Material provided.
lemma expectation_cond_second:
  assumes "finite E" and "set_pmf P \<subseteq> E \<times> E" and "pmf (map_pmf fst P) p > 0"
  shows "measure_pmf.expectation (cond_second P p) (g :: _ \<Rightarrow> real)
           = (\<Sum>q\<in>E. pmf P (p, q) * g q) / pmf (map_pmf fst P) p"
proof -
  let ?S = "{pq. fst pq = p}"
  have "p \<in> set_pmf (map_pmf fst P)" using assms(3) by (metis less_irrefl set_pmf_iff)
  then have nonempty: "set_pmf P \<inter> ?S \<noteq> {}" by force
  have "measure_pmf.prob P ?S = pmf (map_pmf fst P) p"
    by (simp add: pmf_map vimage_def)
  then have cond: "pmf (cond_pmf P ?S) (p, q) = pmf P (p, q) / pmf (map_pmf fst P) p" for q
    by (simp add: pmf_cond[OF nonempty])
  have "measure_pmf.expectation (cond_second P p) g
      = (\<Sum>a\<in>Pair p ` E. g (snd a) * pmf (cond_pmf P ?S) a)"
    unfolding cond_second_def integral_map_pmf
    by (rule integral_measure_pmf_real) (use assms nonempty in auto)
  also have "\<dots> = (\<Sum>q\<in>E. g q * (pmf P (p, q) / pmf (map_pmf fst P) p))"
    by (simp add: sum.reindex inj_on_def cond)
  finally show ?thesis by (simp add: sum_divide_distrib mult.commute)
qed

lemma PiE_sum_argmax_exists:
  fixes G :: "'a \<Rightarrow> 'b \<Rightarrow> real"
  assumes "\<And>p. p \<in> E \<Longrightarrow> \<exists>x\<in>S. \<forall>y\<in>S. G p y \<le> G p x"
  shows "\<exists>\<sigma>\<in>E \<rightarrow>\<^sub>E S. \<forall>\<pi>\<in>E \<rightarrow>\<^sub>E S. (\<Sum>p\<in>E. G p (\<pi> p)) \<le> (\<Sum>p\<in>E. G p (\<sigma> p))"
proof -
  define \<sigma> where "\<sigma> = restrict (\<lambda>p. SOME x. x \<in> S \<and> (\<forall>y\<in>S. G p y \<le> G p x)) E"
  have \<sigma>: "\<sigma> p \<in> S \<and> (\<forall>y\<in>S. G p y \<le> G p (\<sigma> p))" if "p \<in> E" for p
    using someI_ex[OF assms[OF that, unfolded Bex_def]] that by (simp add: \<sigma>_def)
  have "\<sigma> \<in> E \<rightarrow>\<^sub>E S" using \<sigma> by (simp add: \<sigma>_def)
  moreover have "(\<Sum>p\<in>E. G p (\<pi> p)) \<le> (\<Sum>p\<in>E. G p (\<sigma> p))" if "\<pi> \<in> E \<rightarrow>\<^sub>E S" for \<pi>
    using that \<sigma> by (intro sum_mono) auto
  ultimately show ?thesis by blast
qed

lemma PiE_sum_argmax_coordinatewise:
  fixes G :: "'a \<Rightarrow> 'b \<Rightarrow> real"
  assumes "finite E" and "\<sigma> \<in> E \<rightarrow>\<^sub>E S"
    and max: "\<forall>\<pi>\<in>E \<rightarrow>\<^sub>E S. (\<Sum>p\<in>E. G p (\<pi> p)) \<le> (\<Sum>p\<in>E. G p (\<sigma> p))"
    and "p \<in> E" and "x \<in> S"
  shows "G p x \<le> G p (\<sigma> p)"
proof -
  have "\<sigma>(p := x) \<in> E \<rightarrow>\<^sub>E S"
    using assms(2,4,5) by (auto simp: PiE_iff extensional_def)
  then have "(\<Sum>q\<in>E. G q ((\<sigma>(p := x)) q)) \<le> (\<Sum>q\<in>E. G q (\<sigma> q))"
    using max by blast
  moreover have split: "(\<Sum>q\<in>E. G q (f q)) = G p (f p) + (\<Sum>q\<in>E - {p}. G q (f q))"
    for f :: "'a \<Rightarrow> 'b"
    using assms(1,4) by (simp add: sum.remove)
  ultimately show ?thesis by (simp add: split[of "\<sigma>(p := x)"] split[of \<sigma>])
qed

theorem lemma3p2:
  fixes E :: "(real^'n) set" and \<mu> :: "nat \<Rightarrow> real^'n"
    and P :: "((real^'n) \<times> (real^'n)) pmf"
  assumes n2: "CARD('n) \<ge> 2"
    and finE: "finite E" and E_sub: "E \<subseteq> open_simplex"
    and mu_E: "\<forall>t. \<mu> t \<in> E"
    and P_supp: "set_pmf P \<subseteq> E \<times> E"
    and conv: "weak_conv_on (E \<times> E) (\<lambda>t. emp_measure \<mu> (Suc t)) P"
  shows "(\<forall>\<pi>\<in>portfolio_maps E.
            (\<lambda>t. ln (rel_value \<pi> \<mu> t) / real t) \<longlonglongrightarrow>
               measure_pmf.expectation P (\<lambda>(p, q). ell \<pi> p q))
       \<and> (\<exists>\<pi>s\<in>portfolio_maps E. \<forall>\<pi>\<in>portfolio_maps E. growth \<pi> \<mu> \<le> growth \<pi>s \<mu>)
       \<and> (\<forall>\<pi>s\<in>portfolio_maps E. (\<forall>\<pi>\<in>portfolio_maps E. growth \<pi> \<mu> \<le> growth \<pi>s \<mu>) \<longrightarrow>
            (\<forall>p\<in>E. pmf (map_pmf fst P) p > 0 \<longrightarrow>
               \<pi>s p \<in> closed_simplex \<and>
               (\<forall>x\<in>closed_simplex.
                  measure_pmf.expectation (cond_second P p) (\<lambda>q. ln (x \<bullet> vratio q p))
                  \<le> measure_pmf.expectation (cond_second P p) (\<lambda>q. ln (\<pi>s p \<bullet> vratio q p)))))"
  (is "?limit \<and> ?exists \<and> ?optimal")
proof -
  let ?G = "row_growth P E"
  have limit: ?limit
    using log_rel_value_tendsto_expectation_ell[OF finE E_sub] mu_E conv by blast
  have growth: "growth \<pi> \<mu> = (\<Sum>p\<in>E. ?G p (\<pi> p))" if "\<pi> \<in> portfolio_maps E" for \<pi>
    using limit that limI expectation_ell_eq_sum_row_growth[OF finE P_supp]
    unfolding growth_def by metis
  have "\<exists>x\<in>closed_simplex. \<forall>y\<in>closed_simplex. ?G p y \<le> ?G p x" if "p \<in> E" for p
    using continuous_attains_sup[OF compact_closed_simplex closed_simplex_nonempty
        continuous_on_row_growth[OF E_sub that]] .
  then have ?exists
    using PiE_sum_argmax_exists[of E closed_simplex ?G] growth by (simp add: portfolio_maps_def)
  moreover have ?optimal
  proof (intro ballI impI conjI)
    fix \<sigma> p assume \<sigma>: "\<sigma> \<in> portfolio_maps E"
      and max: "\<forall>\<pi>\<in>portfolio_maps E. growth \<pi> \<mu> \<le> growth \<sigma> \<mu>"
      and p: "p \<in> E" and pos: "pmf (map_pmf fst P) p > 0"
    then show "\<sigma> p \<in> closed_simplex" by (auto simp: portfolio_maps_def)
    fix x :: "real^'n" assume x: "x \<in> closed_simplex"
    have "?G p x \<le> ?G p (\<sigma> p)"
      using PiE_sum_argmax_coordinatewise[OF finE, of \<sigma> closed_simplex ?G p x] \<sigma> max growth p x
      by (simp add: portfolio_maps_def)
    then show "measure_pmf.expectation (cond_second P p) (\<lambda>q. ln (x \<bullet> vratio q p))
          \<le> measure_pmf.expectation (cond_second P p) (\<lambda>q. ln (\<sigma> p \<bullet> vratio q p))"
      using pos by (simp add: expectation_cond_second[OF finE P_supp pos] row_growth_def
          divide_right_mono)
  qed
  ultimately show ?thesis using limit by blast
qed

end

Work item. Take the lines above from the one containing "p y \<le> ?G" down to the one containing "using PiE_sum_argmax_exists[of E", and transcribe them exactly, both ends included.

Solution for this problem.
  have "\<exists>x\<in>closed_simplex. \<forall>y\<in>closed_simplex. ?G p y \<le> ?G p x" if "p \<in> E" for p
    using continuous_attains_sup[OF compact_closed_simplex closed_simplex_nonempty
        continuous_on_row_growth[OF E_sub that]] .
  then have ?exists
    using PiE_sum_argmax_exists[of E closed_simplex ?G] growth by (simp add: portfolio_maps_def)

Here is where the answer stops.